• **Your task**:
Every line of the records below that holds the word "from" belongs in the answer.

Saved entries

[Start of section]

(* Let $r\ge 1$ and let $H$ be a graph with at least one edge. The join of $rK_1$ and $H$ is well-bicovered if and only if $H$ is both well-covered and well-bicovered, and $b(H)=r+\alpha(H)$.
   Context: All graphs are finite and simple; "subgraph" means induced subgraph. $rK_1$ is the edgeless graph on $r$ vertices. $b(G)$ denotes the maximum order of an induced bipartite subgraph of $G$. A graph is well-bicovered if every vertex-inclusion-maximal induced bipartite subgraph has the same order. A graph is well-covered if every maximal independent set has the same cardinality, namely the independence number $\alpha$. The join of two graphs is their disjoint union together with all edges between them. *)

theory Defs
  imports Main
begin

type_synonym 'a graph = "'a set \<times> ('a \<Rightarrow> 'a \<Rightarrow> bool)"

definition verts :: "'a graph \<Rightarrow> 'a set" where "verts G = fst G"
definition adj :: "'a graph \<Rightarrow> 'a \<Rightarrow> 'a \<Rightarrow> bool" where "adj G = snd G"

definition simple_graph :: "'a graph \<Rightarrow> bool" where
  "simple_graph G \<longleftrightarrow> finite (verts G) \<and>
     (\<forall>u v. adj G u v \<longrightarrow> u \<in> verts G \<and> v \<in> verts G \<and> u \<noteq> v \<and> adj G v u)"

definition has_edge :: "'a graph \<Rightarrow> bool" where
  "has_edge G \<longleftrightarrow> (\<exists>u v. adj G u v)"

definition edgeless :: "nat \<Rightarrow> nat graph" where
  "edgeless r = ({..<r}, \<lambda>_ _. False)"

definition graph_join :: "'a graph \<Rightarrow> 'b graph \<Rightarrow> ('a + 'b) graph" where
  "graph_join G H =
     (Inl ` verts G \<union> Inr ` verts H,
      \<lambda>x y. case (x, y) of
          (Inl u, Inl v) \<Rightarrow> adj G u v
        | (Inr u, Inr v) \<Rightarrow> adj H u v
        | (Inl u, Inr v) \<Rightarrow> u \<in> verts G \<and> v \<in> verts H
        | (Inr u, Inl v) \<Rightarrow> u \<in> verts H \<and> v \<in> verts G)"

definition independent :: "'a graph \<Rightarrow> 'a set \<Rightarrow> bool" where
  "independent G S \<longleftrightarrow> S \<subseteq> verts G \<and> (\<forall>u\<in>S. \<forall>v\<in>S. \<not> adj G u v)"

definition maximal_independent :: "'a graph \<Rightarrow> 'a set \<Rightarrow> bool" where
  "maximal_independent G S \<longleftrightarrow> independent G S \<and>
     (\<forall>T. independent G T \<and> S \<subseteq> T \<longrightarrow> T = S)"

definition alpha :: "'a graph \<Rightarrow> nat" where
  "alpha G = Max (card ` {S. independent G S})"

definition well_covered :: "'a graph \<Rightarrow> bool" where
  "well_covered G \<longleftrightarrow> (\<forall>S. maximal_independent G S \<longrightarrow> card S = alpha G)"

definition bipartite_set :: "'a graph \<Rightarrow> 'a set \<Rightarrow> bool" where
  "bipartite_set G S \<longleftrightarrow> S \<subseteq> verts G \<and>
     (\<exists>A B. A \<union> B = S \<and> independent G A \<and> independent G B)"

definition maximal_bipartite_set :: "'a graph \<Rightarrow> 'a set \<Rightarrow> bool" where
  "maximal_bipartite_set G S \<longleftrightarrow> bipartite_set G S \<and>
     (\<forall>T. bipartite_set G T \<and> S \<subseteq> T \<longrightarrow> T = S)"

definition bip_num :: "'a graph \<Rightarrow> nat" where
  "bip_num G = Max (card ` {S. bipartite_set G S})"

definition well_bicovered :: "'a graph \<Rightarrow> bool" where
  "well_bicovered G \<longleftrightarrow>
     (\<forall>S T. maximal_bipartite_set G S \<and> maximal_bipartite_set G T \<longrightarrow> card S = card T)"

end

theory Submission
  imports Defs
begin

text \<open>Write a vertex set of the join of \<open>rK\<^sub>1\<close> and \<open>H\<close> as \<open>X <+> Y\<close>. Every vertex of
  \<open>rK\<^sub>1\<close> is adjacent to every vertex of \<open>H\<close>, so an independent set lies on one side, and
  \<open>X <+> Y\<close> induces a bipartite subgraph iff \<open>X = {}\<close> and \<open>Y\<close> is bipartite in \<open>H\<close>, or \<open>Y\<close> is
  independent in \<open>H\<close>. Consequently the maximal bipartite sets of the join are the sets
  \<open>{..<r} <+> I\<close> with \<open>I\<close> maximal independent in \<open>H\<close>, of size \<open>r + |I|\<close>, and the sets
  \<open>{} <+> T\<close> with \<open>T\<close> maximal bipartite in \<open>H\<close>; the latter cannot absorb a vertex of \<open>rK\<^sub>1\<close>
  because, \<open>H\<close> having an edge, \<open>T\<close> is not independent. The join is well-bicovered iff all
  these sizes agree; as some maximal bipartite set of \<open>H\<close> has size \<open>b(H)\<close> and some maximal
  independent set has size \<open>\<alpha>(H)\<close>, this means that \<open>H\<close> is well-covered and well-bicovered
  with \<open>b(H) = r + \<alpha>(H)\<close>.\<close>

lemma Plus_vimage_Inl_Inr: "Inl -` S <+> Inr -` S = S"
proof (rule set_eqI)
  fix u
  show "u \<in> Inl -` S <+> Inr -` S \<longleftrightarrow> u \<in> S"
    by (cases u) auto
qed

lemma Plus_subset_Plus_iff: "A <+> B \<subseteq> C <+> D \<longleftrightarrow> A \<subseteq> C \<and> B \<subseteq> D"
  by blast

lemma Plus_eq_Plus_iff: "A <+> B = C <+> D \<longleftrightarrow> A = C \<and> B = D"
  by blast

lemma Ball_Plus_iff: "(\<forall>u\<in>A <+> B. P u) \<longleftrightarrow> (\<forall>a\<in>A. P (Inl a)) \<and> (\<forall>b\<in>B. P (Inr b))"
  by blast

lemma Plus_Un_Plus: "(A <+> B) \<union> (C <+> D) = (A \<union> C) <+> (B \<union> D)"
  by blast

lemma verts_graph_join [simp]: "verts (graph_join G H) = verts G <+> verts H"
  by (simp add: graph_join_def verts_def Plus_def)

lemma adj_graph_join [simp]:
  "adj (graph_join G H) (Inl u) (Inl v) \<longleftrightarrow> adj G u v"
  "adj (graph_join G H) (Inr a) (Inr b) \<longleftrightarrow> adj H a b"
  "adj (graph_join G H) (Inl u) (Inr b) \<longleftrightarrow> u \<in> verts G \<and> b \<in> verts H"
  "adj (graph_join G H) (Inr a) (Inl v) \<longleftrightarrow> a \<in> verts H \<and> v \<in> verts G"
  by (simp_all add: graph_join_def adj_def verts_def)

lemma verts_edgeless [simp]: "verts (edgeless r) = {..<r}"
  and adj_edgeless [simp]: "\<not> adj (edgeless r) u v"
  by (simp_all add: edgeless_def verts_def adj_def)

lemma independent_edgeless_iff [simp]: "independent (edgeless r) X \<longleftrightarrow> X \<subseteq> {..<r}"
  by (simp add: independent_def)

lemma independent_empty [simp]: "independent G {}"
  by (simp add: independent_def)

lemma finite_verts: "simple_graph H \<Longrightarrow> finite (verts H)"
  by (simp add: simple_graph_def)

lemma independent_subset: "independent G T \<Longrightarrow> S \<subseteq> T \<Longrightarrow> independent G S"
  by (auto simp: independent_def)

lemma bipartite_set_iff:
  "bipartite_set G S \<longleftrightarrow> (\<exists>A B. A \<union> B = S \<and> independent G A \<and> independent G B)"
  by (auto simp: bipartite_set_def independent_def)

lemma bipartite_set_edgeless_iff [simp]: "bipartite_set (edgeless r) X \<longleftrightarrow> X \<subseteq> {..<r}"
  by (auto simp: bipartite_set_def)

lemma independent_join_iff:
  "independent (graph_join G H) (X <+> Y) \<longleftrightarrow>
     independent G X \<and> independent H Y \<and> (X = {} \<or> Y = {})"
  by (auto simp: independent_def Ball_Plus_iff Plus_subset_Plus_iff)

lemma bipartite_set_join_iff:
  "bipartite_set (graph_join G H) (X <+> Y) \<longleftrightarrow>
     (X = {} \<and> bipartite_set H Y) \<or> (Y = {} \<and> bipartite_set G X) \<or>
     (independent G X \<and> independent H Y)" (is "?lhs \<longleftrightarrow> ?rhs")
proof
  assume ?lhs
  then obtain A B where AB: "A \<union> B = X <+> Y"
    and "independent (graph_join G H) (Inl -` A <+> Inr -` A)"
    and "independent (graph_join G H) (Inl -` B <+> Inr -` B)"
    unfolding bipartite_set_iff Plus_vimage_Inl_Inr by blast
  then have A: "independent G (Inl -` A)" "independent H (Inr -` A)"
      "Inl -` A = {} \<or> Inr -` A = {}"
    and B: "independent G (Inl -` B)" "independent H (Inr -` B)"
      "Inl -` B = {} \<or> Inr -` B = {}"
    unfolding independent_join_iff by blast+
  have "X = Inl -` A \<union> Inl -` B" and "Y = Inr -` A \<union> Inr -` B"
    using arg_cong[OF AB, of "vimage Inl"] arg_cong[OF AB, of "vimage Inr"] by auto
  \<comment> \<open>If \<open>X\<close> and \<open>Y\<close> are both nonempty, the part meeting \<open>X\<close> misses \<open>Y\<close>, so the other
    part contains all of \<open>Y\<close> and none of \<open>X\<close>.\<close>
  then show ?rhs
    using A B unfolding bipartite_set_iff by (metis sup_bot.left_neutral sup_bot.right_neutral)
next
  assume ?rhs
  then show ?lhs
  proof (elim disjE conjE)
    assume "X = {}" "bipartite_set H Y"
    then obtain A B where "A \<union> B = Y" "independent H A" "independent H B"
      unfolding bipartite_set_iff by blast
    then show ?lhs unfolding bipartite_set_iff
      by (intro exI[of _ "{} <+> A"] exI[of _ "{} <+> B"])
        (simp add: Plus_Un_Plus independent_join_iff \<open>X = {}\<close>)
  next
    assume "Y = {}" "bipartite_set G X"
    then obtain A B where "A \<union> B = X" "independent G A" "independent G B"
      unfolding bipartite_set_iff by blast
    then show ?lhs unfolding bipartite_set_iff
      by (intro exI[of _ "A <+> {}"] exI[of _ "B <+> {}"])
        (simp add: Plus_Un_Plus independent_join_iff \<open>Y = {}\<close>)
  next
    assume "independent G X" "independent H Y"
    then show ?lhs unfolding bipartite_set_iff
      by (intro exI[of _ "X <+> {}"] exI[of _ "{} <+> Y"])
        (simp add: Plus_Un_Plus independent_join_iff)
  qed
qed

corollary bipartite_set_join_edgeless_iff:
  "bipartite_set (graph_join (edgeless r) H) (X <+> Y) \<longleftrightarrow>
     X \<subseteq> {..<r} \<and> (X = {} \<and> bipartite_set H Y \<or> independent H Y)"
  by (auto simp: bipartite_set_join_iff)
lemma sq_int_generator: "f \<in> gen_domain \<nu> K \<Longrightarrow> sq_int \<nu> (generator \<nu> K f)"
  using has_generator_value_generator[of f \<nu> K] by (simp add: has_generator_value_def)

lemma dform_lincomb_right:
  assumes "f \<in> gen_domain \<nu> K" "sq_int \<nu> g" "sq_int \<nu> h"
  shows "dform \<nu> K f (\<lambda>x. a * g x + b * h x) = a * dform \<nu> K f g + b * dform \<nu> K f h"
proof -
  have "integrable \<nu> (\<lambda>x. generator \<nu> K f x * g x)" "integrable \<nu> (\<lambda>x. generator \<nu> K f x * h x)"
    using assms by (auto intro: sq_int_mult_integrable sq_int_generator)
  then show ?thesis by (simp add: dform_def algebra_simps)
qed

section \<open>Transition operators of a stationary Markov semigroup\<close>

context
  fixes \<nu> :: "'a measure" and K :: "real \<Rightarrow> 'a \<Rightarrow> 'a measure"
  assumes markov: "markov_semigroup \<nu> K"
begin

lemma kernel_measurable_subprob:
  "t \<ge> 0 \<Longrightarrow> K t \<in> \<nu> \<rightarrow>\<^sub>M subprob_algebra \<nu>"
  using markov unfolding markov_semigroup_def by (auto intro: measurable_prob_algebraD)

lemma prob_space_kernel:
  assumes "t \<ge> 0" "x \<in> space \<nu>"
  shows "prob_space (K t x)" and "sets (K t x) = sets \<nu>"
proof -
  have "K t \<in> \<nu> \<rightarrow>\<^sub>M prob_algebra \<nu>" using markov assms(1) unfolding markov_semigroup_def by auto
  then have "K t x \<in> space (prob_algebra \<nu>)" using assms(2) by (rule measurable_space)
  then show "prob_space (K t x)" "sets (K t x) = sets \<nu>" by (auto simp: space_prob_algebra)
qed

lemma borel_measurable_kernel:
  "t \<ge> 0 \<Longrightarrow> x \<in> space \<nu> \<Longrightarrow> f \<in> borel_measurable \<nu> \<Longrightarrow> f \<in> borel_measurable (K t x)"
  using measurable_cong_sets[OF prob_space_kernel(2) refl] by blast

lemma borel_measurable_trans_op:
  assumes "t \<ge> 0" "f \<in> borel_measurable \<nu>"
  shows "trans_op K t f \<in> borel_measurable \<nu>"
  using measurable_comp[OF kernel_measurable_subprob[OF assms(1)]
      integral_measurable_subprob_algebra[OF assms(2)]]
  by (simp add: trans_op_def[abs_def] comp_def)

context
  assumes stationary: "stationary_distribution \<nu> K"
begin

lemma nn_integral_kernel_stationary:
  assumes "t \<ge> 0" "h \<in> borel_measurable \<nu>"
  shows "(\<integral>\<^sup>+x. (\<integral>\<^sup>+y. h y \<partial>K t x) \<partial>\<nu>) = (\<integral>\<^sup>+y. h y \<partial>\<nu>)"
proof -
  have "(\<integral>\<^sup>+x. (\<integral>\<^sup>+y. h y \<partial>K t x) \<partial>\<nu>) = (\<integral>\<^sup>+y. h y \<partial>(\<nu> \<bind> K t))"
    using nn_integral_bind[OF assms(2) kernel_measurable_subprob[OF assms(1)]] by simp
  also have "\<nu> \<bind> K t = \<nu>" using stationary assms(1) unfolding stationary_distribution_def by auto
  finally show ?thesis .
qed

lemma nn_integral_trans_op_square_le:
  assumes "t \<ge> 0" "f \<in> borel_measurable \<nu>"
  shows "(\<integral>\<^sup>+x. (trans_op K t f x)\<^sup>2 \<partial>\<nu>) \<le> (\<integral>\<^sup>+x. (f x)\<^sup>2 \<partial>\<nu>)"
proof -
  have "(\<integral>\<^sup>+x. (trans_op K t f x)\<^sup>2 \<partial>\<nu>) \<le> (\<integral>\<^sup>+x. (\<integral>\<^sup>+y. (f y)\<^sup>2 \<partial>K t x) \<partial>\<nu>)"
  proof (rule nn_integral_mono)
    fix x assume "x \<in> space \<nu>"
    then interpret prob_space "K t x" using prob_space_kernel assms(1) by blast
    show "ennreal ((trans_op K t f x)\<^sup>2) \<le> (\<integral>\<^sup>+y. (f y)\<^sup>2 \<partial>K t x)"
      unfolding trans_op_def
      by (rule square_integral_le_nn_integral_square)
        (rule borel_measurable_kernel[OF assms(1) \<open>x \<in> space \<nu>\<close> assms(2)])
  qed
  also have "\<dots> = (\<integral>\<^sup>+x. (f x)\<^sup>2 \<partial>\<nu>)"
    using assms(2) by (intro nn_integral_kernel_stationary[OF assms(1)]) measurable
  finally show ?thesis .
qed

lemma sq_int_trans_op:
  assumes "t \<ge> 0" "sq_int \<nu> f"
  shows "sq_int \<nu> (trans_op K t f)"
    and "(\<integral>x. (trans_op K t f x)\<^sup>2 \<partial>\<nu>) \<le> (\<integral>x. (f x)\<^sup>2 \<partial>\<nu>)"
proof -
  have f: "f \<in> borel_measurable \<nu>" "integrable \<nu> (\<lambda>x. (f x)\<^sup>2)"
    using assms(2) by (auto simp: sq_int_def)
  have Pf: "trans_op K t f \<in> borel_measurable \<nu>"
    using borel_measurable_trans_op assms(1) f(1) .
  have "(\<integral>\<^sup>+x. (trans_op K t f x)\<^sup>2 \<partial>\<nu>) \<le> ennreal (\<integral>x. (f x)\<^sup>2 \<partial>\<nu>)"
    using nn_integral_trans_op_square_le[OF assms(1) f(1)] f(2)
    by (simp add: nn_integral_eq_integral)
  moreover from this have Pf_int: "integrable \<nu> (\<lambda>x. (trans_op K t f x)\<^sup>2)"
    using Pf by (auto simp: integrable_iff_bounded intro: le_less_trans)
  ultimately show "(\<integral>x. (trans_op K t f x)\<^sup>2 \<partial>\<nu>) \<le> (\<integral>x. (f x)\<^sup>2 \<partial>\<nu>)"
    by (simp add: nn_integral_eq_integral)
  show "sq_int \<nu> (trans_op K t f)" using Pf Pf_int by (simp add: sq_int_def)
qed

lemma AE_integrable_kernel:
  assumes "t \<ge> 0" "sq_int \<nu> f"
  shows "AE x in \<nu>. integrable (K t x) f"
proof -
  have f: "f \<in> borel_measurable \<nu>" "integrable \<nu> (\<lambda>x. (f x)\<^sup>2)"
    using assms(2) by (auto simp: sq_int_def)
  have "(\<lambda>x. \<integral>\<^sup>+y. (f y)\<^sup>2 \<partial>K t x) \<in> borel_measurable \<nu>"
    using measurable_comp[OF kernel_measurable_subprob[OF assms(1)]
        nn_integral_measurable_subprob_algebra[of "\<lambda>y. ennreal ((f y)\<^sup>2)"]] f(1)
    by (simp add: comp_def)
  moreover have "(\<integral>\<^sup>+x. (\<integral>\<^sup>+y. (f y)\<^sup>2 \<partial>K t x) \<partial>\<nu>) \<noteq> \<infinity>"
    using nn_integral_kernel_stationary[OF assms(1)] f by (simp add: nn_integral_eq_integral)
  ultimately have "AE x in \<nu>. (\<integral>\<^sup>+y. (f y)\<^sup>2 \<partial>K t x) \<noteq> \<infinity>"
    by (rule nn_integral_PInf_AE)
  then show ?thesis
  proof (rule AE_mp[OF _ AE_I2], intro impI)
    fix x assume "x \<in> space \<nu>" and fin: "(\<integral>\<^sup>+y. (f y)\<^sup>2 \<partial>K t x) \<noteq> \<infinity>"
    interpret prob_space "K t x" using prob_space_kernel assms(1) \<open>x \<in> space \<nu>\<close> by blast
    have "f \<in> borel_measurable (K t x)"
      using borel_measurable_kernel assms(1) \<open>x \<in> space \<nu>\<close> f(1) by blast
    moreover from this fin have "integrable (K t x) (\<lambda>y. (f y)\<^sup>2)"
      by (auto simp: integrable_iff_bounded less_top)
    ultimately show "integrable (K t x) f" by (rule square_integrable_imp_integrable)
  qed
qed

[End of section]

• **Your response**:
  moreover from this have Pf_int: "integrable \<nu> (\<lambda>x. (trans_op K t f x)\<^sup>2)"
    moreover from this fin have "integrable (K t x) (\<lambda>y. (f y)\<^sup>2)"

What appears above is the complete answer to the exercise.